WORK INSTRUCTION — Below is some data. Retype exactly the lines starting at the one with "X \<Longrightarrow> labl" and ending at the one with "(* Let $0<h<H<\infty$".

Collected data entries —
━━━━━━━━━━
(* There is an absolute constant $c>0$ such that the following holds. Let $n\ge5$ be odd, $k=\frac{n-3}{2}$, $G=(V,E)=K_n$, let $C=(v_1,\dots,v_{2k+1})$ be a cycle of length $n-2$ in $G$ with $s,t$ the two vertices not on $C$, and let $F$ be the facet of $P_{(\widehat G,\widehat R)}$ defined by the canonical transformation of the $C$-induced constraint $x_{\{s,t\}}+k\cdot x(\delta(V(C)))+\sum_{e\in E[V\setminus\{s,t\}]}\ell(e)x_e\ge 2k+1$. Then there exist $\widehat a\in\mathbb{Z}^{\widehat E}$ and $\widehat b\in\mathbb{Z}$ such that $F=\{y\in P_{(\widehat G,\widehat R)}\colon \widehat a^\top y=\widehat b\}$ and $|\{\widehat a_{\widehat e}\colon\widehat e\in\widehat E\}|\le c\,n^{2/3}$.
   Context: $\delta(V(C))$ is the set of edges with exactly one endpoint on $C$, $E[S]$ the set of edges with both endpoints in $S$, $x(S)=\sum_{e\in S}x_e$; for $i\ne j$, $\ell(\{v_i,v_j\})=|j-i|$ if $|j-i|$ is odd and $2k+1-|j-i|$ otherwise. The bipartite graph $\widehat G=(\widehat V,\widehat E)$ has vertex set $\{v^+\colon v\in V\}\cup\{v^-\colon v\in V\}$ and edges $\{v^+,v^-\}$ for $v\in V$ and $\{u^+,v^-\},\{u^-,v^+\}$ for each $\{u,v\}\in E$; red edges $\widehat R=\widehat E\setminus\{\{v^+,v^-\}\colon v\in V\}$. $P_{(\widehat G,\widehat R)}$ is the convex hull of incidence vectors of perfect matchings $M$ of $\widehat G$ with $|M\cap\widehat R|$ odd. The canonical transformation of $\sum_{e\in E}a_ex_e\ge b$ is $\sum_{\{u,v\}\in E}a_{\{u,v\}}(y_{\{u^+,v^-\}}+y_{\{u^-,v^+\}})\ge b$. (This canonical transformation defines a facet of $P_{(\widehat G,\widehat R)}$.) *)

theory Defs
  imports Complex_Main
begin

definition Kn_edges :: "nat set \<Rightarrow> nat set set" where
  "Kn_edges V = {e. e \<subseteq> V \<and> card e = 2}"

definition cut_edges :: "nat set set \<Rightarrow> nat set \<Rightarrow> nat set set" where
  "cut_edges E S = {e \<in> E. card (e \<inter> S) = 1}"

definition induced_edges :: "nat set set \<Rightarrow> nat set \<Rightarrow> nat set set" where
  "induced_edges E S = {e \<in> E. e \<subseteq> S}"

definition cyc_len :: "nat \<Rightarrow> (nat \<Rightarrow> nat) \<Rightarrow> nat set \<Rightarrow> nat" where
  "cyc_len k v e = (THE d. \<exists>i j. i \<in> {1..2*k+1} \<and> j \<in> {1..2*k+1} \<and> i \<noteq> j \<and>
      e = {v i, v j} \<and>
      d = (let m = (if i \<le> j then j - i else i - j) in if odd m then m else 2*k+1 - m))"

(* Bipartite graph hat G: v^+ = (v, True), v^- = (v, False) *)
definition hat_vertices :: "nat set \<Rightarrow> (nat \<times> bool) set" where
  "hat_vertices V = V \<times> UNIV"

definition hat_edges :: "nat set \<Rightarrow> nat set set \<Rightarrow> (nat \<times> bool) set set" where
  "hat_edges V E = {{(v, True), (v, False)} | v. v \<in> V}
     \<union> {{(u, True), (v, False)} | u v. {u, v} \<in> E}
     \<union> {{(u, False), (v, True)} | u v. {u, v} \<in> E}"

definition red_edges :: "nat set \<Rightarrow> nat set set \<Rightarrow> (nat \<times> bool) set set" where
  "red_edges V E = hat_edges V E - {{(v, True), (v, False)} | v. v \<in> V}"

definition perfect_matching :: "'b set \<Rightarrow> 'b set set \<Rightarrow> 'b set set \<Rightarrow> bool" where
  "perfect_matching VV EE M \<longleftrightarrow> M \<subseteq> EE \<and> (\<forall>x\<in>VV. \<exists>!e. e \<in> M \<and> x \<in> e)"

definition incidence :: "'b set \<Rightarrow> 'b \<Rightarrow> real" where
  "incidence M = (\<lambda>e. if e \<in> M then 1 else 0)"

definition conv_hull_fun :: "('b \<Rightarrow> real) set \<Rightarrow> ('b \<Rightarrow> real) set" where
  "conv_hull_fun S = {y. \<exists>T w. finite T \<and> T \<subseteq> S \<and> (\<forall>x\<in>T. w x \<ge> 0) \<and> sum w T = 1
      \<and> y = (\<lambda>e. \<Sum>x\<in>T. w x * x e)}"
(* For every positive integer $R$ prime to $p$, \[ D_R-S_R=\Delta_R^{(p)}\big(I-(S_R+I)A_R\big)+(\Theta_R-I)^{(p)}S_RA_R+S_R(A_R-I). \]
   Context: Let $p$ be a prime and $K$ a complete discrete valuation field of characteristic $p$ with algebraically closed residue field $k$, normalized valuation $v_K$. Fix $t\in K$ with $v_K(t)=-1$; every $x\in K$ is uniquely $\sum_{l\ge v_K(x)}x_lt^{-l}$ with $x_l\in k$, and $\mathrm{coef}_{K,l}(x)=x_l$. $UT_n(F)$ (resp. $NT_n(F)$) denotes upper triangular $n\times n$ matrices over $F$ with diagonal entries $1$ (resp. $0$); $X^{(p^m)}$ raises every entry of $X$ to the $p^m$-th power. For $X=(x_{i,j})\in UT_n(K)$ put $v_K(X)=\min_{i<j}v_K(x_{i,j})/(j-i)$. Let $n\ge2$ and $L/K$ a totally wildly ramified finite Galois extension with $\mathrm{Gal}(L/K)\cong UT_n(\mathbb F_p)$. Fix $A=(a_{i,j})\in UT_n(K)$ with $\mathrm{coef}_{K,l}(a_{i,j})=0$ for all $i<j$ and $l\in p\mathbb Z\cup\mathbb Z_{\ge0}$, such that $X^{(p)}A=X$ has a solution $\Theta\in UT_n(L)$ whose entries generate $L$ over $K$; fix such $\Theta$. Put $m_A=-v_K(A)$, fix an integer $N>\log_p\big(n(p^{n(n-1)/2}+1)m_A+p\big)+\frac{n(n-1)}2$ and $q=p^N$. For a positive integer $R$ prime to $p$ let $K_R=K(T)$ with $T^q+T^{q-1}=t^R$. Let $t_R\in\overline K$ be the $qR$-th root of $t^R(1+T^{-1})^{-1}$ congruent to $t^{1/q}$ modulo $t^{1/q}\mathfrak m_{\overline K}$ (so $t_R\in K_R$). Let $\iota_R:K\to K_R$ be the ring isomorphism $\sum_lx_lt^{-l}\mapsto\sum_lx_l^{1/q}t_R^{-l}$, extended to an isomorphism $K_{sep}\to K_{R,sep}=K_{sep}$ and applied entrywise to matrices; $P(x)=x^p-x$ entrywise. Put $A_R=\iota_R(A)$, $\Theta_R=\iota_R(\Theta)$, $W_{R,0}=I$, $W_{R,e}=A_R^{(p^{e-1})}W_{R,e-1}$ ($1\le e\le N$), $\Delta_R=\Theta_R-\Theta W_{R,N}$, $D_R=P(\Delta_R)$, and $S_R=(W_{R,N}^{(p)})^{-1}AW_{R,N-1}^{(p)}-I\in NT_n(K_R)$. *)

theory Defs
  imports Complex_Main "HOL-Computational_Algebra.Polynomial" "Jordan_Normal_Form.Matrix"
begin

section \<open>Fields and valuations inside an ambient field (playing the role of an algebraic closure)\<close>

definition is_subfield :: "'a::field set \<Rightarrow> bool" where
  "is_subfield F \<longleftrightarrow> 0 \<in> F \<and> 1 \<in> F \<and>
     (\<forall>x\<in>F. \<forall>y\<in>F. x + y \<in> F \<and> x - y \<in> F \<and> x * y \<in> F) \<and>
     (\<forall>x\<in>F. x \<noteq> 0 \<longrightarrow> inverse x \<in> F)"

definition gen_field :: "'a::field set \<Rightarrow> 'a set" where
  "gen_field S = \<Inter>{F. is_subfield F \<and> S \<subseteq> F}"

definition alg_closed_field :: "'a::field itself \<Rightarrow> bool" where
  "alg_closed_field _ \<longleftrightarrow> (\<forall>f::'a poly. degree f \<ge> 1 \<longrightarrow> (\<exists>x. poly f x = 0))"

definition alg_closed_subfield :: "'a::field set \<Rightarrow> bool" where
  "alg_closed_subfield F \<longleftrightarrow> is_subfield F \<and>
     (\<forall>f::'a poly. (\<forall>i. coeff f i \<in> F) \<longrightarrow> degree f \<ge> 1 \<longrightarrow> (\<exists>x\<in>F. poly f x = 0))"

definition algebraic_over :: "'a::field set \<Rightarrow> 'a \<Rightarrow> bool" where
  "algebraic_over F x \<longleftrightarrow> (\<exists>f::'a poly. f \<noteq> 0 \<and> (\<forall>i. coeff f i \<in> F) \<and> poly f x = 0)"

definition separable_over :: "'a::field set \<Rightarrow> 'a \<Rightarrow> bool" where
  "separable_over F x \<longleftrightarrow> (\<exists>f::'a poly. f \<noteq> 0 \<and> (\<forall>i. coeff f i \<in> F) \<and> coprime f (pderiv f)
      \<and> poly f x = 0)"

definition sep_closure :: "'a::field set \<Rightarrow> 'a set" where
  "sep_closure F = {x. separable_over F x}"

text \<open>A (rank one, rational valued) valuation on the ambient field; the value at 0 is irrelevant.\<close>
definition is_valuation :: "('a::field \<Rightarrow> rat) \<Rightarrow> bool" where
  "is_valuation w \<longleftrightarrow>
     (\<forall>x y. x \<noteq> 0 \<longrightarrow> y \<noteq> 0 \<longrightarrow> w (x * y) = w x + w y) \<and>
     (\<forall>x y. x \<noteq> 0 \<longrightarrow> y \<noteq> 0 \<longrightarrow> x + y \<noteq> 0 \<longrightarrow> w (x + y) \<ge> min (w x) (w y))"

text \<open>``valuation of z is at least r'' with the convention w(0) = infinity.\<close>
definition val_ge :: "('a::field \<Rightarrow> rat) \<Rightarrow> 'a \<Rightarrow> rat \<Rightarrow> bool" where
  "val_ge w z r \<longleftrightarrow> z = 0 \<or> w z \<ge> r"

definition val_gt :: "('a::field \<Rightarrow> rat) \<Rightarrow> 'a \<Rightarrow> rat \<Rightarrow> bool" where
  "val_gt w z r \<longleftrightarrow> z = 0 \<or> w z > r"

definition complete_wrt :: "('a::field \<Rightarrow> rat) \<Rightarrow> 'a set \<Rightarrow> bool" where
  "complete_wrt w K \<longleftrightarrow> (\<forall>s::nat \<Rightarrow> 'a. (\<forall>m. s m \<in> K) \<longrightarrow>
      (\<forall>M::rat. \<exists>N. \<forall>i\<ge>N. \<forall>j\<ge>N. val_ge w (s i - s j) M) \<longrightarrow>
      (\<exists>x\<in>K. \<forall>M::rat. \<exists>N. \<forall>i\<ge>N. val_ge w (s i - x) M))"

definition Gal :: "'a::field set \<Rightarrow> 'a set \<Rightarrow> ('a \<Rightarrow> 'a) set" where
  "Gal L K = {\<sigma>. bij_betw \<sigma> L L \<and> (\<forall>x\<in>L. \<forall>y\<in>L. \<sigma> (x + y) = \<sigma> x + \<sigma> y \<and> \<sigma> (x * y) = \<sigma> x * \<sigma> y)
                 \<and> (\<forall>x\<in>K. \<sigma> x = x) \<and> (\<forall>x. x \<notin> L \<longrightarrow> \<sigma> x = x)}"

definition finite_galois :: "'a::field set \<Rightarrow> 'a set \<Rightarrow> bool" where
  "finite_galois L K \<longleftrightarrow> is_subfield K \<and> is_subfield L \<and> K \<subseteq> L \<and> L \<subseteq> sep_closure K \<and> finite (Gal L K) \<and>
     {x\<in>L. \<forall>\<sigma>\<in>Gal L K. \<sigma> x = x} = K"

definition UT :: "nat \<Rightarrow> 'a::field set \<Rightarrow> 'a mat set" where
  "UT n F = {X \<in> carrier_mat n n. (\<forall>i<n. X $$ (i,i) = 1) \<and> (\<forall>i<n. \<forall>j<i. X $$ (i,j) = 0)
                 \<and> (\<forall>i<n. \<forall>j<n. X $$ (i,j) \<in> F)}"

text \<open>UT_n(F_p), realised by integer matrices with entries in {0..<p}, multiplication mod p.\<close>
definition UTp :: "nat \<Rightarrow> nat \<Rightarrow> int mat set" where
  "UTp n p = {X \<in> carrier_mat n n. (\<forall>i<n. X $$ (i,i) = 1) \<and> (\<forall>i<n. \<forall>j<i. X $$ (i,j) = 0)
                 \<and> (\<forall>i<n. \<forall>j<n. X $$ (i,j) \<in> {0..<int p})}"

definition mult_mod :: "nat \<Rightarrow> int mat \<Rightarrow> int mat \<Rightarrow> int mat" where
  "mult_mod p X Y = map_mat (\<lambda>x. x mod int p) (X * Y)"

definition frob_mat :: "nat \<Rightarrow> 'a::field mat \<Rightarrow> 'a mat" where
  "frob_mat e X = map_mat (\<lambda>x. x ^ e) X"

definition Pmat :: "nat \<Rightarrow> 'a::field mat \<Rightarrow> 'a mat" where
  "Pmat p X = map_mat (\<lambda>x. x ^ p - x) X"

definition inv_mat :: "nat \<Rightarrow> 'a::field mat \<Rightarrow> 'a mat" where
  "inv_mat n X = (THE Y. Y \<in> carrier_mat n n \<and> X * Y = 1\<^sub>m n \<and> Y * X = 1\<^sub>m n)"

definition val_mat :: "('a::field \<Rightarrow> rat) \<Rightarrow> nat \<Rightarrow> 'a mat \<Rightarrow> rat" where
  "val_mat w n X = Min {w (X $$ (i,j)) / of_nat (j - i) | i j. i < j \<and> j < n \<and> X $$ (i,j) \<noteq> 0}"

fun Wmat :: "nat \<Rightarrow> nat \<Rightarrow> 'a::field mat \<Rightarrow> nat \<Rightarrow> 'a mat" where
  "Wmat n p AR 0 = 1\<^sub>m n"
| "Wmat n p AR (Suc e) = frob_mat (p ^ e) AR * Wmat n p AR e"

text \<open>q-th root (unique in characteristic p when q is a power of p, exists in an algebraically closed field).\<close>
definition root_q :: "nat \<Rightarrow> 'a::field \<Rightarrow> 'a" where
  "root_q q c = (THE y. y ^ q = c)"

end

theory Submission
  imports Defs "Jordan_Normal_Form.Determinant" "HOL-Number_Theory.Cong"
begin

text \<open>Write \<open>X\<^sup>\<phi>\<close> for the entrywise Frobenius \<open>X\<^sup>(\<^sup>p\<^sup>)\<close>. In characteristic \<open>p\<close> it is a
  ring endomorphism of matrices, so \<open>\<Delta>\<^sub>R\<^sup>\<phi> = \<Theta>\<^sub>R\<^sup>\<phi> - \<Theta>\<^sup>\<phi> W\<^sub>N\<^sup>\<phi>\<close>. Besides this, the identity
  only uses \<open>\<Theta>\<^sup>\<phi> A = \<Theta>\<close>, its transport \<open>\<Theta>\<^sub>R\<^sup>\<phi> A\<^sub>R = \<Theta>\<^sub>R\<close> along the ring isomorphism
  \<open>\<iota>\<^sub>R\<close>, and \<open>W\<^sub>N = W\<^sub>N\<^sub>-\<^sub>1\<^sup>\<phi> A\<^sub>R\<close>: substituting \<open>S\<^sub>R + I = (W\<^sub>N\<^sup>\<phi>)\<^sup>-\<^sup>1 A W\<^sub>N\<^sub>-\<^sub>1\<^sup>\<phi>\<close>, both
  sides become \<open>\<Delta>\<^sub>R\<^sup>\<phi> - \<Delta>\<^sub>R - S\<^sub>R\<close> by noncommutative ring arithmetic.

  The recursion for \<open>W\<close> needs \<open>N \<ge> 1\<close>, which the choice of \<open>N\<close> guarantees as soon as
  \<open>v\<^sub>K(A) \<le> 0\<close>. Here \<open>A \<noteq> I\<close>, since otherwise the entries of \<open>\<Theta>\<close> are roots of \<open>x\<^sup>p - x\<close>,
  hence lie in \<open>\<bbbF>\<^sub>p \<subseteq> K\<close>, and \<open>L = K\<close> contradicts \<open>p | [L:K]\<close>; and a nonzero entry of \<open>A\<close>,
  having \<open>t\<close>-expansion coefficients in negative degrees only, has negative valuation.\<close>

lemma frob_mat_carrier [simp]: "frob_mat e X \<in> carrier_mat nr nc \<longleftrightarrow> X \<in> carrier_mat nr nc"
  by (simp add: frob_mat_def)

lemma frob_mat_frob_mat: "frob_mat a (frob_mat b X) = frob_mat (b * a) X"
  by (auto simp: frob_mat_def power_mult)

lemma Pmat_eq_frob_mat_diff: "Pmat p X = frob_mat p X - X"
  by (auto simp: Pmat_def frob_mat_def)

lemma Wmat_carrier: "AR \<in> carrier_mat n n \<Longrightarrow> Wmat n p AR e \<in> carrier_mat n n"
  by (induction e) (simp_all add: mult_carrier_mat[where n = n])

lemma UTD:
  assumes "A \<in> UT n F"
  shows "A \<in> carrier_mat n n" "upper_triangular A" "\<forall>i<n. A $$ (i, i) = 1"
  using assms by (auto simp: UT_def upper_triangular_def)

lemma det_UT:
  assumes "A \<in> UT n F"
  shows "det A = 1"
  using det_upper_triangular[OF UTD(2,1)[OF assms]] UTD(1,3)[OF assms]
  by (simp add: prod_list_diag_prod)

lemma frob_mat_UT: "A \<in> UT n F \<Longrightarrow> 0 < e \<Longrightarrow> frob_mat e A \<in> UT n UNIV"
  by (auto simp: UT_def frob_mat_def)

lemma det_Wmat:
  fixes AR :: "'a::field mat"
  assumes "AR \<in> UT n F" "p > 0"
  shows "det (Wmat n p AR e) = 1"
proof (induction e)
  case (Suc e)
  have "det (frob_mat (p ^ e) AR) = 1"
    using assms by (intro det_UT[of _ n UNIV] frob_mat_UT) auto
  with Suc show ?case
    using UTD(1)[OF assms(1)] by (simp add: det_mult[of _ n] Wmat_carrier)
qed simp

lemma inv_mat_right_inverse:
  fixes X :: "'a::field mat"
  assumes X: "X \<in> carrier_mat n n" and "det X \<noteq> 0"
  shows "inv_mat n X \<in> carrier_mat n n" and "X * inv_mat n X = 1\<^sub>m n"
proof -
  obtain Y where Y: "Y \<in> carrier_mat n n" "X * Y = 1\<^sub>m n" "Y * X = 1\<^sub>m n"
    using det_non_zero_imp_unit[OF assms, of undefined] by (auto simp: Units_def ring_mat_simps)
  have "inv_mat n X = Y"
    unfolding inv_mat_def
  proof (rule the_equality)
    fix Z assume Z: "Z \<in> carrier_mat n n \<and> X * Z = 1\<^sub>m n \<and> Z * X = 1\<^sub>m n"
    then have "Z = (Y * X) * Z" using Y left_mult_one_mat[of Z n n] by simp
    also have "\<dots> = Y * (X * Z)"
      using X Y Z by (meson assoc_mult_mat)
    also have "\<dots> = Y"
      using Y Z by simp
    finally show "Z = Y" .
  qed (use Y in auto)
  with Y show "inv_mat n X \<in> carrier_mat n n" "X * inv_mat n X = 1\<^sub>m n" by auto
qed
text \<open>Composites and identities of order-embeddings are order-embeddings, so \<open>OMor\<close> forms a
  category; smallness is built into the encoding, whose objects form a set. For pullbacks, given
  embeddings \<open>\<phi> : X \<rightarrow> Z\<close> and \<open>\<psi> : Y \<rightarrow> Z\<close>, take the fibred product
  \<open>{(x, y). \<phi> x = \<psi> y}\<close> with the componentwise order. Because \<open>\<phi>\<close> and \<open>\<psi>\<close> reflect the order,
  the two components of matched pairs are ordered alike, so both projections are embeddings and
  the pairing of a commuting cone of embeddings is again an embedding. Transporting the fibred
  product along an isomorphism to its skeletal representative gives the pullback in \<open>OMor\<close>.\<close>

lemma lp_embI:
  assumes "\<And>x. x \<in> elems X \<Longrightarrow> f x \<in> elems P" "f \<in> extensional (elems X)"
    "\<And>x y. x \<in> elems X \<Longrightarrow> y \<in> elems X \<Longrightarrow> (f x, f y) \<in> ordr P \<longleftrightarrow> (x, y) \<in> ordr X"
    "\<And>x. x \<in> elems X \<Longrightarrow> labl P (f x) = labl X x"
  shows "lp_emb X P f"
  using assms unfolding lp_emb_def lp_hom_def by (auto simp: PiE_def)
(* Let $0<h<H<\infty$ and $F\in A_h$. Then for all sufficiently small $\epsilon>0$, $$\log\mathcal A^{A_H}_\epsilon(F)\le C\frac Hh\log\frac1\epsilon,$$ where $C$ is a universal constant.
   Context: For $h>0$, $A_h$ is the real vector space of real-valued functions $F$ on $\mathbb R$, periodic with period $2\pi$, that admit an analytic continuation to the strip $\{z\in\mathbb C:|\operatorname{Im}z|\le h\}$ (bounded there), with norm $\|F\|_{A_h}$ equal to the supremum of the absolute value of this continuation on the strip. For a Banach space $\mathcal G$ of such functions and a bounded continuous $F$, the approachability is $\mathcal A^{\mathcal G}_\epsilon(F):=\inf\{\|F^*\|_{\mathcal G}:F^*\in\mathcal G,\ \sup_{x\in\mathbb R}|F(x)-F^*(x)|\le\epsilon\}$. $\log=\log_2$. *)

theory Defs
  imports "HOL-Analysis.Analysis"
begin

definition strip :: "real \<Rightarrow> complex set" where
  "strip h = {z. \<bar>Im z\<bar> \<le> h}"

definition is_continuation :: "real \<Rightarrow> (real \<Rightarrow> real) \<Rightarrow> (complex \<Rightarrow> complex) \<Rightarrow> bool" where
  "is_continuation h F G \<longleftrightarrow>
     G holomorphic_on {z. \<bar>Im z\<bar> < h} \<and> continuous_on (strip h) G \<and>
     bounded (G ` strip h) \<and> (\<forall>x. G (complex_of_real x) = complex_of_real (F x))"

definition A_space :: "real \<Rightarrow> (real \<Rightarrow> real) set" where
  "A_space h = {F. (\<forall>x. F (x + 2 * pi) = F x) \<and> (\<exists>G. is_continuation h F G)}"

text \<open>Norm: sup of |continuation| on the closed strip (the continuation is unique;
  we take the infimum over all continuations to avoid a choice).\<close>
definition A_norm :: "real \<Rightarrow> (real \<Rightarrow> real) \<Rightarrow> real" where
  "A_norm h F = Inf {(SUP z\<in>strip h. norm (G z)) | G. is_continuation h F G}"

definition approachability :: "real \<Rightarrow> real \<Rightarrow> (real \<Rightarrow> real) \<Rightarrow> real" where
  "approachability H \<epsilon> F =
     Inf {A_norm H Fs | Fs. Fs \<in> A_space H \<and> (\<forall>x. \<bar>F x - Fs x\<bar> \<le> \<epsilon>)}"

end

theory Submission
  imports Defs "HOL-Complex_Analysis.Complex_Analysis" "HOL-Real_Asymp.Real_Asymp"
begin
━━━━━━━━━━
TASK OUTPUT —
    "\<And>x. x \<in> elems X \<Longrightarrow> labl P (f x) = labl X x"
  shows "lp_emb X P f"
  using assms unfolding lp_emb_def lp_hom_def by (auto simp: PiE_def)
(* Let $0<h<H<\infty$ and $F\in A_h$. Then for all sufficiently small $\epsilon>0$, $$\log\mathcal A^{A_H}_\epsilon(F)\le C\frac Hh\log\frac1\epsilon,$$ where $C$ is a universal constant.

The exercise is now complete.